Harris v. Air Conditioning Corp.

5 Fla. Supp. 199

This text of 5 Fla. Supp. 199 (Harris v. Air Conditioning Corp.) is published on Counsel Stack Legal Research, covering Circuit Court of the 11th Judicial Circuit of Florida, Miami-Dade County primary law. Counsel Stack provides free access to over 12 million legal documents including statutes, case law, regulations, and constitutions.

Bluebook
Harris v. Air Conditioning Corp., 5 Fla. Supp. 199 (Fla. Super. Ct. 1954).

Opinion

STANLEY MILLEDGE, Circuit Judge.

The defendant moved for a directed verdict and, pursuant to common law rule 40,1 reserved decision. A verdict for the plaintiff was returned. Within ten days thereafter the defendant moved to have the verdict set aside and to have judgment entered in accordance with its motion for a directed verdict.

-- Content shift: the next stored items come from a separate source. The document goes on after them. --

lemma real_cond_exp_binary_mixture:
  fixes R a c :: "'a \<Rightarrow> real"
  assumes "prob_space M" and "sigma_finite_subalgebra M F"
    and [measurable]: "a \<in> borel_measurable F" "c \<in> borel_measurable F" "R \<in> borel_measurable M"
    and R01: "\<forall>\<omega>\<in>space M. R \<omega> \<in> {0, 1}"
    and int: "integrable M (\<lambda>\<omega>. a \<omega> * R \<omega> + c \<omega> * (1 - R \<omega>))"
  shows "AE \<omega> in M. real_cond_exp M F (\<lambda>\<omega>. a \<omega> * R \<omega> + c \<omega> * (1 - R \<omega>)) \<omega>
    = a \<omega> * real_cond_exp M F R \<omega> + c \<omega> * (1 - real_cond_exp M F R \<omega>)"
proof -
  interpret prob_space M by fact
  interpret F: sigma_finite_subalgebra M F by fact
  have [measurable]: "a \<in> borel_measurable M" "c \<in> borel_measurable M"
    by (auto intro: measurable_from_subalg[OF F.subalg])
  have int_R: "integrable M R"
    using R01 by (auto intro!: Bochner_Integration.integrable_bound[OF integrable_const[of "1::real"]] AE_I2)
  have int_aR: "integrable M (\<lambda>\<omega>. a \<omega> * R \<omega>)" and int_cR: "integrable M (\<lambda>\<omega>. c \<omega> * (1 - R \<omega>))"
    using R01 by (auto intro!: Bochner_Integration.integrable_bound[OF int] AE_I2)
  have "AE \<omega> in M. real_cond_exp M F (\<lambda>\<omega>. a \<omega> * R \<omega> + c \<omega> * (1 - R \<omega>)) \<omega>
      = real_cond_exp M F (\<lambda>\<omega>. a \<omega> * R \<omega>) \<omega> + real_cond_exp M F (\<lambda>\<omega>. c \<omega> * (1 - R \<omega>)) \<omega>"
    by (rule F.real_cond_exp_add[OF int_aR int_cR])
  moreover have "AE \<omega> in M. real_cond_exp M F (\<lambda>\<omega>. a \<omega> * R \<omega>) \<omega> = a \<omega> * real_cond_exp M F R \<omega>"
    using int_aR by (intro F.real_cond_exp_mult) auto
  moreover have "AE \<omega> in M. real_cond_exp M F (\<lambda>\<omega>. c \<omega> * (1 - R \<omega>)) \<omega> = c \<omega> * real_cond_exp M F (\<lambda>\<omega>. 1 - R \<omega>) \<omega>"
    using int_cR by (intro F.real_cond_exp_mult) auto
  moreover have "AE \<omega> in M. real_cond_exp M F (\<lambda>\<omega>. 1 - R \<omega>) \<omega> = 1 - real_cond_exp M F R \<omega>"
    using F.real_cond_exp_diff[OF integrable_const[of "1::real"] int_R(1)]
      F.real_cond_exp_F_meas[OF integrable_const[of "1::real"] borel_measurable_const]
    by eventually_elim simp
  ultimately show ?thesis by eventually_elim simp
qed

section \<open>Conditional independence\<close>

lemma integral_comp_pair_eq_if_rectangles:
  fixes g\<^sub>1 g\<^sub>2 :: "'a \<Rightarrow> real" and \<phi> :: "'c \<times> 'b \<Rightarrow> real"
  assumes [measurable]: "C \<in> M \<rightarrow>\<^sub>M MC" "B \<in> M \<rightarrow>\<^sub>M MB" "\<phi> \<in> MC \<Otimes>\<^sub>M MB \<rightarrow>\<^sub>M borel"
    and g: "\<And>i. i \<in> {g\<^sub>1, g\<^sub>2} \<Longrightarrow> integrable M i \<and> (AE x in M. 0 \<le> i x)"
    and rect: "\<And>a b. a \<in> sets MC \<Longrightarrow> b \<in> sets MB \<Longrightarrow>
      (\<integral>x. g\<^sub>1 x * indicator {x\<in>space M. C x \<in> a \<and> B x \<in> b} x \<partial>M) =
      (\<integral>x. g\<^sub>2 x * indicator {x\<in>space M. C x \<in> a \<and> B x \<in> b} x \<partial>M)"
  shows "(\<integral>x. g\<^sub>1 x * \<phi> (C x, B x) \<partial>M) = (\<integral>x. g\<^sub>2 x * \<phi> (C x, B x) \<partial>M)"
proof -
  \<comment> \<open>the images of the measures with densities \<open>g\<^sub>1\<close>, \<open>g\<^sub>2\<close> under \<open>(C, B)\<close> agree on rectangles\<close>
  define N where "N i = distr (density M (\<lambda>x. ennreal (i x))) (MC \<Otimes>\<^sub>M MB) (\<lambda>x. (C x, B x))" for i
  have [measurable]: "i \<in> borel_measurable M" if "i \<in> {g\<^sub>1, g\<^sub>2}" for i
    using g[OF that] by auto
  have N_rect: "emeasure (N i) (a \<times> b) =
      ennreal (\<integral>x. i x * indicator {x\<in>space M. C x \<in> a \<and> B x \<in> b} x \<partial>M)"
    if i: "i \<in> {g\<^sub>1, g\<^sub>2}" and [measurable]: "a \<in> sets MC" "b \<in> sets MB" for i a b
  proof -
    have [measurable]: "i \<in> borel_measurable M" using g[OF i] by auto
    have "(\<lambda>x. (C x, B x)) -` (a \<times> b) \<inter> space M = {x\<in>space M. C x \<in> a \<and> B x \<in> b}" by auto
    then have "emeasure (N i) (a \<times> b) =
        emeasure (density M (\<lambda>x. ennreal (i x))) {x\<in>space M. C x \<in> a \<and> B x \<in> b}"
      unfolding N_def by (subst emeasure_distr) auto
    also have "\<dots> = (\<integral>\<^sup>+ x. ennreal (i x * indicator {x\<in>space M. C x \<in> a \<and> B x \<in> b} x) \<partial>M)"
      by (subst emeasure_density) (auto intro!: nn_integral_cong simp: indicator_def)
    also have "\<dots> = ennreal (\<integral>x. i x * indicator {x\<in>space M. C x \<in> a \<and> B x \<in> b} x \<partial>M)"
      using g[OF i]
      by (intro nn_integral_eq_integral integrable_real_mult_indicator)
         (auto elim!: eventually_mono simp: indicator_def)
    finally show ?thesis .
  qed
  have "N g\<^sub>1 = N g\<^sub>2"
  proof (rule measure_eqI_generator_eq[OF Int_stable_pair_measure_generator[of MC MB]])
    show "{a \<times> b |a b. a \<in> sets MC \<and> b \<in> sets MB} \<subseteq> Pow (space MC \<times> space MB)"
      using sets.sets_into_space[of _ MC] sets.sets_into_space[of _ MB] by blast
    show "emeasure (N g\<^sub>1) X = emeasure (N g\<^sub>2) X"
      if "X \<in> {a \<times> b |a b. a \<in> sets MC \<and> b \<in> sets MB}" for X
    proof -
      from that obtain a b where "X = a \<times> b" "a \<in> sets MC" "b \<in> sets MB" by blast
      then show ?thesis using rect[of a b] N_rect[of g\<^sub>1 a b] N_rect[of g\<^sub>2 a b] by simp
    qed
    show "sets (N g\<^sub>1) = sigma_sets (space MC \<times> space MB) {a \<times> b |a b. a \<in> sets MC \<and> b \<in> sets MB}"
      "sets (N g\<^sub>2) = sigma_sets (space MC \<times> space MB) {a \<times> b |a b. a \<in> sets MC \<and> b \<in> sets MB}"
      unfolding N_def sets_distr by (rule sets_pair_measure)+
    show "range (\<lambda>_. space MC \<times> space MB) \<subseteq> {a \<times> b |a b. a \<in> sets MC \<and> b \<in> sets MB}"
      by auto
    show "emeasure (N g\<^sub>1) (space MC \<times> space MB) \<noteq> \<infinity>"
      using N_rect[of g\<^sub>1 "space MC" "space MB"] by simp
  qed simp
  moreover have "integral\<^sup>L (N i) \<phi> = (\<integral>x. i x * \<phi> (C x, B x) \<partial>M)" if "i \<in> {g\<^sub>1, g\<^sub>2}" for i
    using g[OF that] unfolding N_def
    by (subst integral_distr) (auto simp: integral_density cong: measurable_cong_sets)
  ultimately show ?thesis by (metis insertI1 insertI2)
qed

The evidence in this case will not support the proposition that the parties orally agreed to abrogate the prior written contract under seal and substituted a new and independent contract. At best the contract sued on was the original written one as subsequently modified by parol so as to grant an exclusive franchise of one of many articles included in the written franchise contract, the remainder of which continued as non-exclusive items, and all of the other many provisions of the written contract retained.

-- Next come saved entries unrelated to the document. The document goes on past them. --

definition sl3 :: "('a::field ^3^3) set" where
  "sl3 = {A. mtrace A = 0}"

definition pcoset :: "'a::field ^3^3 \<Rightarrow> ('a^3^3) set" where
  "pcoset X = {X + mat c | c. True}"

definition psl3 :: "('a::field ^3^3) set set" where
  "psl3 = pcoset ` sl3"

definition pzero :: "('a::field ^3^3) set" where
  "pzero = pcoset 0"

definition padd :: "('a::field ^3^3) set \<Rightarrow> ('a^3^3) set \<Rightarrow> ('a^3^3) set" where
  "padd P Q = {X + Y | X Y. X \<in> P \<and> Y \<in> Q}"

definition psc :: "'a::field \<Rightarrow> ('a^3^3) set \<Rightarrow> ('a^3^3) set" where
  "psc c P = {msc c X + mat d | X d. X \<in> P}"

definition pbr :: "('a::field ^3^3) set \<Rightarrow> ('a^3^3) set \<Rightarrow> ('a^3^3) set" where
  "pbr P Q = {mbr X Y + mat d | X Y d. X \<in> P \<and> Y \<in> Q}"

definition psl3_subalg :: "('a::field ^3^3) set set \<Rightarrow> bool" where
  "psl3_subalg U \<longleftrightarrow> U \<subseteq> psl3 \<and> pzero \<in> U
     \<and> (\<forall>P\<in>U. \<forall>Q\<in>U. padd P Q \<in> U)
     \<and> (\<forall>c. \<forall>P\<in>U. psc c P \<in> U)
     \<and> (\<forall>P\<in>U. \<forall>Q\<in>U. pbr P Q \<in> U)"

definition psl3_gen :: "('a::field ^3^3) set set \<Rightarrow> ('a^3^3) set set" where
  "psl3_gen S = \<Inter> {T. psl3_subalg T \<and> S \<subseteq> T}"

definition psl3_maxsub :: "('a::field ^3^3) set set \<Rightarrow> ('a^3^3) set set \<Rightarrow> bool" where
  "psl3_maxsub A B \<longleftrightarrow> psl3_subalg A \<and> psl3_subalg B \<and> A \<subset> B
     \<and> \<not> (\<exists>C. psl3_subalg C \<and> A \<subset> C \<and> C \<subset> B)"

definition psl3_covers :: "('a::field ^3^3) set set \<Rightarrow> ('a^3^3) set set \<Rightarrow> bool" where
  "psl3_covers B A \<longleftrightarrow> psl3_maxsub A B"

definition psl3_um :: "('a::field ^3^3) set set \<Rightarrow> bool" where
  "psl3_um U \<longleftrightarrow> (\<forall>B. psl3_subalg B \<and> psl3_covers B (U \<inter> B)
      \<longrightarrow> psl3_covers (psl3_gen (U \<union> B)) U)"

definition psl3_lm :: "('a::field ^3^3) set set \<Rightarrow> bool" where
  "psl3_lm U \<longleftrightarrow> (\<forall>B. psl3_subalg B \<and> psl3_covers (psl3_gen (U \<union> B)) U
      \<longrightarrow> psl3_covers B (U \<inter> B))"

definition psl3_sm :: "('a::field ^3^3) set set \<Rightarrow> bool" where
  "psl3_sm U \<longleftrightarrow> psl3_um U \<and> psl3_lm U"

end

theory Submission
  imports Defs
begin

(*
  Let M be maximal and lower modular.  If P is a subalgebra with P not contained in M, then
  the subalgebra generated by M and P is L, which covers M, so lower modularity forces P to cover
  M \<inter> P.  Take for P a two-dimensional abelian subalgebra F A + F B: it contains the line F A,
  so {0} is not maximal in P, hence M meets every such plane nontrivially.  For distinct indices
  i, j, k the planes F E_ik + F E_ij and F E_ik + F E_jk are abelian; the two nonzero elements of
  M they provide bracket to E_ik (unless one of them already is a multiple of E_ik).  So M
  contains every off-diagonal matrix unit, and these generate all of sl_3(F) by linear
  combinations and brackets, whence M = L, contradicting maximality.

  The argument never uses the characteristic; the hypothesis
  CHAR(F) = 3 is only what makes psl_3(F) differ from sl_3(F).
*)

section \<open>Matrix arithmetic\<close>

lemma msc_add: "msc c (A + B) = msc c A + msc c B"
  by (simp add: vec_eq_iff msc_def algebra_simps)

lemma msc_add_scalar: "msc (a + b) A = msc a A + msc b A"
  by (simp add: vec_eq_iff msc_def algebra_simps)

lemma msc_zero [simp]: "msc c 0 = 0"
  and msc_zero_scalar [simp]: "msc 0 A = 0"
  and msc_one [simp]: "msc 1 A = A"
  and msc_msc [simp]: "msc c (msc d A) = msc (c * d) A"
  by (simp_all add: vec_eq_iff msc_def)

lemma mat_add: "mat (a + b) = mat a + (mat b :: 'a::field^3^3)"
  and msc_mat: "msc c (mat d) = (mat (c * d) :: 'a::field^3^3)"
  by (simp_all add: vec_eq_iff mat_def msc_def)

lemma msc_mult_left: "msc c A ** B = msc c (A ** B)"
  and msc_mult_right: "A ** msc c B = msc c (A ** B)"
  by (simp_all add: vec_eq_iff matrix_matrix_mult_def msc_def sum_distrib_left ac_simps)

lemma matrix_add_rdistrib: "(B + C) ** A = B ** A + (C ** A :: 'a::field^3^3)"
  by (simp add: vec_eq_iff matrix_matrix_mult_def sum.distrib algebra_simps)

lemma mat_mult_left: "mat c ** A = msc c (A::'a::field^3^3)"
  and mat_mult_right: "A ** mat c = msc c (A::'a::field^3^3)"
  by (simp_all add: vec_eq_iff matrix_matrix_mult_def msc_def mat_def
      if_distrib if_distribR cong: if_cong)

text \<open>The bracket only depends on the cosets modulo scalar matrices; this is what makes the
  bracket of psl_3(F) well defined.\<close>
lemma mbr_shift: "mbr (X + mat a) (Y + mat b) = mbr X (Y::'a::field^3^3)"
  by (simp add: mbr_def matrix_add_ldistrib matrix_add_rdistrib mat_mult_left mat_mult_right
      msc_mat msc_add mat_add mult.commute)

lemma mbr_commuting_comb:
  assumes "mbr A B = (0 :: 'a::field^3^3)"
  shows "mbr (msc a A + msc b B) (msc a' A + msc b' B) = 0"
proof -
  have BA: "B ** A = A ** B" using assms by (simp add: mbr_def)
  show ?thesis
    unfolding mbr_def
    by (simp add: matrix_add_ldistrib matrix_add_rdistrib msc_mult_left msc_mult_right BA)
       (simp add: vec_eq_iff msc_def algebra_simps)
qed

lemma mtrace_add: "mtrace (A + B) = mtrace A + mtrace B"
  and mtrace_msc: "mtrace (msc c A) = c * mtrace A"
  by (simp_all add: mtrace_def msc_def sum.distrib sum_distrib_left)

definition E :: "3 \<Rightarrow> 3 \<Rightarrow> 'a::field^3^3" where
  "E i j = (\<chi> a b. if a = i \<and> b = j then 1 else 0)"

lemma E_entry: "(E i j :: 'a::field^3^3) $ a $ b = (if a = i \<and> b = j then 1 else 0)"
  by (simp add: E_def)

Whatever may be the rule generally, in Florida a written contract under seal may not be modified or amended by subsequent parol agreement. Masser v. London Operating Co. (Fla.), 145 So. 79.

Moses v. Woodward was decided before the Masser case, but the opinion on rehearing was published after the Masser case (in 147 [201]*201So. 690). This opinion does not mention the Masser case but, by implication, appears to modify the previous conclusion. This case decided that “a written agreement may be modified by a subsequent oral agreement if the latter has been accepted and acted upon by the parties in such a manner as would work a fraud on either party to refuse to enforce it.” Perhaps the Court meant this exception to be limited to written contracts not under seal and, on. this distinction, considered a reference' to the Masser case unnecessary. Since I am not sure that this is the case and on the assumption that even a sealed contract is subjected to the exception, I wish to consider the matter on that basis.

The idea expressed in the Moses case is similar to the exception in statute of fraud cases (as to land contracts) where (sometimes) performance takes the case out of the statute. Performance, such as paying the price and going into possession, accomplished this when the acts of the parties are referrable to the alleged contract alone and not to some other legal relationship. Thus a tenant, already in possession under the lease, cannot show his possession as performance under an alleged contract for the sale of the land.

The present type of case also deals with a substantive rule of law which seeks to restrict modification of written contracts and for the same reason — the ease with which fraud can be perpetrated in contending against the writing. But a rule to prevent fraud may itself (under exceptional circumstances) work a fraud. If, in the present case, we could look at the testimony (of course from the plaintiff’s point of view) and conclude that the actions of the parties are consistent with the supposition of an exclusive franchise on ice cube makers and inconsistent with the non-exclusive written franchise, then we would have what the Court was talking about in the Moses case. Actually, the evidence is quite as consistent with one hypothesis as the other. I must repeat that I am not considering the defendant’s contentions of fact at all. It is clear to me that it works no fraud on the plaintiff to exclude his attempts to modify the written contract and to hold him to the writing. This requires that the defendant’s motion to set aside the verdict and enter judgment for it, be granted. This I do, and judgment on the merits in favor of the defendant, with costs, is hereby entered. Excution may issue against the plaintiff for costs, hereafter to be taxed on motion.

The defendant also, and in the alternative, moved for a new trial. This I would grant, as the verdict is against the weight of the evidence and contrary to justice, but the judgment on motion for directed verdict makes this unnecessary.